Is_loopback failing on ipv4 in ipv6, bug or desired behavior?

While writing some networking code and making it IPv6 ready I encountered some odd behavior in the standard library.
If I bind my server so 0.0.0.0 or [::1] and telnet/curl from localhost, I can easily tell whether the connection came from a local user or not by using the is_loopback call on IpAddr, Ipv4Addr or Ipv6Addr.

Once I bind my server to [::] to work on IPv4 AND IPv6 at the same time and then query it via v4 to 127.0.0.1 the is_loopback call returns false.
I then have to manually try conversion of the Ipv6Addr into an Ipv4Addr and perform a second check with is_loopback.

In my opinion, this behavior should either be clearly documented in the standard library or better yet should happen automatically (at least in IpAddr) since an ipv6 encapsulated ipv4 loopback address is still a perfectly valid loopback address.

The current documentation in Ipv6Addr states that it is a check for [::1] but a clear statement that IPv4 in IPv6 loopback addresses are not covered might help. I also guess that having the current minimal checks in both variants (v4 and v6) makes sense but the general is_loopback in IpAddr itself could provide the convenient conversion as it covers v4 and v6 anyways.

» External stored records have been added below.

lemma lookup_monom_mult:
  fixes g :: "('n, 'k::comm_ring_1) mpoly"
  shows "Poly_Mapping.lookup (monom c * g) (c + t) = Poly_Mapping.lookup g t"
  by (simp add: monom_mult lookup_sum lookup_single when_def sum.delta' in_keys_iff)

lemma keys_monom_mult:
  fixes g :: "('n, 'k::comm_ring_1) mpoly"
  shows "Poly_Mapping.keys (monom c * g) = (\<lambda>t. c + t) ` Poly_Mapping.keys g"
proof
  show "Poly_Mapping.keys (monom c * g) \<subseteq> (\<lambda>t. c + t) ` Poly_Mapping.keys g"
    using keys_mult[of "monom c" g] by (auto simp: monom_def)
  show "(\<lambda>t. c + t) ` Poly_Mapping.keys g \<subseteq> Poly_Mapping.keys (monom c * g)"
    by (auto simp: in_keys_iff lookup_monom_mult)
qed

lemma is_monomial_monom [simp]: "is_monomial (monom a)"
  by (auto simp: is_monomial_def)

lemma monom_add: "(monom (a + b) :: ('n, 'k::comm_ring_1) mpoly) = monom a * monom b"
  by (simp add: monom_def mult_single)

lemma monom_dvd_iff:
  fixes g :: "('n, 'k::comm_ring_1) mpoly"
  shows "monom c dvd g \<longleftrightarrow> (\<forall>s\<in>Poly_Mapping.keys g. exp_le c s)"
proof
  assume "monom c dvd g"
  then obtain h where "g = monom c * h" by (auto simp: dvd_def)
  then show "\<forall>s\<in>Poly_Mapping.keys g. exp_le c s"
    by (auto simp: keys_monom_mult exp_le_def lookup_add)
next
  assume le: "\<forall>s\<in>Poly_Mapping.keys g. exp_le c s"
  have "monom c * (\<Sum>s\<in>Poly_Mapping.keys g. Poly_Mapping.single (s - c) (Poly_Mapping.lookup g s))
     = (\<Sum>s\<in>Poly_Mapping.keys g. Poly_Mapping.single (c + (s - c)) (Poly_Mapping.lookup g s))"
    by (simp add: sum_distrib_left monom_def mult_single)
  also have "\<dots> = g"
    using le by (simp add: add_diff_cancel_exp_le poly_mapping_sum_single cong: sum.cong)
  finally show "monom c dvd g" by (metis dvdI)
qed

lemma monom_dvd_monom_iff:
  "(monom c :: ('n, 'k::comm_ring_1) mpoly) dvd monom d \<longleftrightarrow> exp_le c d"
  using monom_dvd_iff[of c "monom d"] by (simp add: monom_def)

lemma is_ideal_sum:
  assumes "is_ideal I" "\<And>x. x \<in> A \<Longrightarrow> f x \<in> I"
  shows "sum f A \<in> I"
  using assms(2)
  by (induction A rule: infinite_finite_induct) (use assms(1) in \<open>auto simp: is_ideal_def\<close>)

lemma ideal_gen_least: "is_ideal T \<Longrightarrow> S \<subseteq> T \<Longrightarrow> ideal_gen S \<subseteq> T"
  unfolding ideal_gen_def by blast

lemma ideal_monom_exp_le:
  fixes I :: "('n, 'k::comm_ring_1) mpoly set"
  assumes "is_ideal I" "monom c \<in> I" "exp_le c d"
  shows "monom d \<in> I"
proof -
  have "monom (d - c) * monom c \<in> I"
    using assms(1,2) unfolding is_ideal_def by blast
  then show ?thesis
    by (simp add: monom_add[symmetric] add.commute add_diff_cancel_exp_le[OF assms(3)])
qed

lemma ideal_mem_if_monoms_of_keys:
  fixes I :: "('n, 'k::comm_ring_1) mpoly set"
  assumes "is_ideal I" "\<forall>s\<in>Poly_Mapping.keys p. monom s \<in> I"
  shows "p \<in> I"
proof -
  have "p = (\<Sum>s\<in>Poly_Mapping.keys p. Poly_Mapping.single 0 (Poly_Mapping.lookup p s) * monom s)"
    using poly_mapping_sum_single[of p] by (simp add: monom_def mult_single)
  also have "\<dots> \<in> I"
    using assms by (intro is_ideal_sum) (auto simp: is_ideal_def)
  finally show ?thesis .
qed

text \<open>The polynomials all of whose terms are divisible by a monomial of \<open>I\<close> form an ideal
  containing the monomials of \<open>I\<close>, hence containing \<open>I\<close>.\<close>
lemma monomial_ideal_keys_divisible:
  fixes I :: "('n, 'k::comm_ring_1) mpoly set"
  assumes "monomial_ideal I" "p \<in> I" "s \<in> Poly_Mapping.keys p"
  shows "\<exists>c. monom c \<in> I \<and> exp_le c s"
proof -
  define T where "T = {p :: ('n, 'k) mpoly. \<forall>s\<in>Poly_Mapping.keys p. \<exists>c. monom c \<in> I \<and> exp_le c s}"
  have "is_ideal T"
    unfolding is_ideal_def
  proof (intro conjI ballI allI)
    show "0 \<in> T" by (simp add: T_def)
  next
    fix a b assume "a \<in> T" "b \<in> T"
    then show "a + b \<in> T" using keys_add[of a b] unfolding T_def by blast
  next
    fix r a assume "a \<in> T"
    show "r * a \<in> T" unfolding T_def mem_Collect_eq
    proof
      fix s assume "s \<in> Poly_Mapping.keys (r * a)"
      then obtain u v where "s = u + v" "v \<in> Poly_Mapping.keys a"
        using keys_mult[of r a] by blast
      with \<open>a \<in> T\<close> show "\<exists>c. monom c \<in> I \<and> exp_le c s"
        unfolding T_def using exp_le_add_left by blast
    qed
  qed
  moreover have "{p \<in> I. is_monomial p} \<subseteq> T"
    by (auto simp: T_def is_monomial_def monom_def exp_le_def)
  ultimately have "I \<subseteq> T"
    using assms(1) ideal_gen_least unfolding monomial_ideal_def by blast
  then show ?thesis using assms(2,3) by (auto simp: T_def)
qed

lemma exp_le_total_degree_less:
  assumes "exp_le d u" "d \<noteq> u"
  shows "sum (Poly_Mapping.lookup d) (Poly_Mapping.keys d) < sum (Poly_Mapping.lookup u) (Poly_Mapping.keys u)"
proof -
  have le: "Poly_Mapping.lookup d i \<le> Poly_Mapping.lookup u i" for i
    using assms(1) by (simp add: exp_le_def)
  obtain i where "Poly_Mapping.lookup d i \<noteq> Poly_Mapping.lookup u i"
    using assms(2) poly_mapping_eqI by metis
  with le have i: "Poly_Mapping.lookup d i < Poly_Mapping.lookup u i"
    using le_neq_implies_less by blast
  have keys: "Poly_Mapping.keys d \<subseteq> Poly_Mapping.keys u"
  proof
    fix k assume "k \<in> Poly_Mapping.keys d"
    with le[of k] show "k \<in> Poly_Mapping.keys u"
      unfolding in_keys_iff by linarith
  qed
  have "sum (Poly_Mapping.lookup d) (Poly_Mapping.keys d) = sum (Poly_Mapping.lookup d) (Poly_Mapping.keys u)"
    using keys by (intro sum.mono_neutral_left) (auto simp: in_keys_iff)
  also have "\<dots> < sum (Poly_Mapping.lookup u) (Poly_Mapping.keys u)"
  proof (rule sum_strict_mono_ex1)
    show "\<exists>a\<in>Poly_Mapping.keys u. Poly_Mapping.lookup d a < Poly_Mapping.lookup u a"
      using i by (intro bexI[of _ i]) (auto simp: in_keys_iff)
  qed (simp_all add: le)
  finally show ?thesis .
qed

lemma min_gen_monomial_exp_le:
  fixes I :: "('n, 'k::comm_ring_1) mpoly set"
  shows "monom u \<in> I \<Longrightarrow> \<exists>c. monom c \<in> min_gen_monomials I \<and> exp_le c u"
proof (induction u rule: measure_induct_rule[where f = "\<lambda>u. sum (Poly_Mapping.lookup u) (Poly_Mapping.keys u)"])
  case (less u)
  show ?case
  proof (cases "monom u \<in> min_gen_monomials I")
    case True
    then show ?thesis using exp_le_refl by blast
  next
    case False
    then obtain q where q: "is_monomial q" "q \<in> I" "q dvd monom u" "q \<noteq> monom u"
      using less.prems by (auto simp: min_gen_monomials_def)
    then obtain d where d: "q = monom d"
      by (auto simp: is_monomial_def)
    have "exp_le d u" "d \<noteq> u"
      using q(3,4) by (auto simp: d monom_dvd_monom_iff)
    then obtain c where "monom c \<in> min_gen_monomials I" "exp_le c d"
      using less.IH exp_le_total_degree_less q(2) d by metis
    then show ?thesis
      using \<open>exp_le d u\<close> exp_le_trans by blast
  qed
qed

lemma monomial_ideal_mem_iff:
  fixes I :: "('n, 'k::comm_ring_1) mpoly set"
  assumes "monomial_ideal I"
  shows "p \<in> I \<longleftrightarrow> (\<forall>s\<in>Poly_Mapping.keys p. \<exists>c. monom c \<in> min_gen_monomials I \<and> exp_le c s)"
proof
  assume "p \<in> I"
  show "\<forall>s\<in>Poly_Mapping.keys p. \<exists>c. monom c \<in> min_gen_monomials I \<and> exp_le c s"
  proof
    fix s assume "s \<in> Poly_Mapping.keys p"
    then obtain d where "monom d \<in> I" "exp_le d s"
      using monomial_ideal_keys_divisible[OF assms \<open>p \<in> I\<close>] by blast
    then show "\<exists>c. monom c \<in> min_gen_monomials I \<and> exp_le c s"
      using min_gen_monomial_exp_le exp_le_trans by blast
  qed
next
  assume gens: "\<forall>s\<in>Poly_Mapping.keys p. \<exists>c. monom c \<in> min_gen_monomials I \<and> exp_le c s"
  have "is_ideal I"
    using assms by (simp add: monomial_ideal_def)
  moreover have "\<forall>s\<in>Poly_Mapping.keys p. monom s \<in> I"
    using gens ideal_monom_exp_le[OF \<open>is_ideal I\<close>] by (auto simp: min_gen_monomials_def)
  ultimately show "p \<in> I"
    by (rule ideal_mem_if_monoms_of_keys)
qed

lemma monomial_ideal_cancel_var:
  fixes I :: "('n, 'k::comm_ring_1) mpoly set"
  assumes "monomial_ideal I"
    and "\<And>c s. monom c \<in> min_gen_monomials I \<Longrightarrow> s \<in> Poly_Mapping.keys q \<Longrightarrow>
           Poly_Mapping.lookup c j \<le> Poly_Mapping.lookup s j"
    and "monom (Poly_Mapping.single j 1) * q \<in> I"
  shows "q \<in> I"
proof -
  have "\<exists>c. monom c \<in> min_gen_monomials I \<and> exp_le c s" if s: "s \<in> Poly_Mapping.keys q" for s
  proof -
    have "Poly_Mapping.single j 1 + s \<in> Poly_Mapping.keys (monom (Poly_Mapping.single j 1) * q)"
      using s by (simp add: keys_monom_mult)
    then obtain c where c: "monom c \<in> min_gen_monomials I" "exp_le c (Poly_Mapping.single j 1 + s)"
      using assms(3) monomial_ideal_mem_iff[OF assms(1)] by blast
    have "Poly_Mapping.lookup c i \<le> Poly_Mapping.lookup s i" for i
    proof (cases "i = j")
      case True
      then show ?thesis using assms(2)[OF c(1) s] by simp
    next
      case False
      then show ?thesis
        using c(2)[unfolded exp_le_def, rule_format, of i] by (simp add: lookup_add lookup_single)
    qed
    with c(1) show ?thesis
      unfolding exp_le_def by blast
  qed
  then show ?thesis
    using monomial_ideal_mem_iff[OF assms(1)] by blast
qed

use std::net::{Ipv4Addr, Ipv6Addr};

fn main() {
    let ipv4 = Ipv4Addr::new(127, 0, 0, 1);
    let ipv6 = Ipv6Addr::new(0, 0, 0, 0, 0, 0, 0, 0x1);
    let v4_in_v6 = Ipv6Addr::new(0, 0, 0, 0, 0, 0xffff, 0x7f00, 0x1);
    
    println!("{} is loopback? {} ", ipv4, ipv4.is_loopback());
    println!("{} is loopback? {} ", ipv6, ipv6.is_loopback());
    println!("{} is loopback? {} ", v4_in_v6, v4_in_v6.is_loopback());
    println!("{} is loopback? {} ", v4_in_v6, v4_in_v6.to_ipv4().unwrap().is_loopback());
}

(Playground)

Output:

127.0.0.1 is loopback? true 
::1 is loopback? true 
::ffff:127.0.0.1 is loopback? false 
::ffff:127.0.0.1 is loopback? true 

Is this forum the right place for this discussion or should I have used the internals forum or just open an issue in github?

I think it makes sense for this to be considered a loopback address.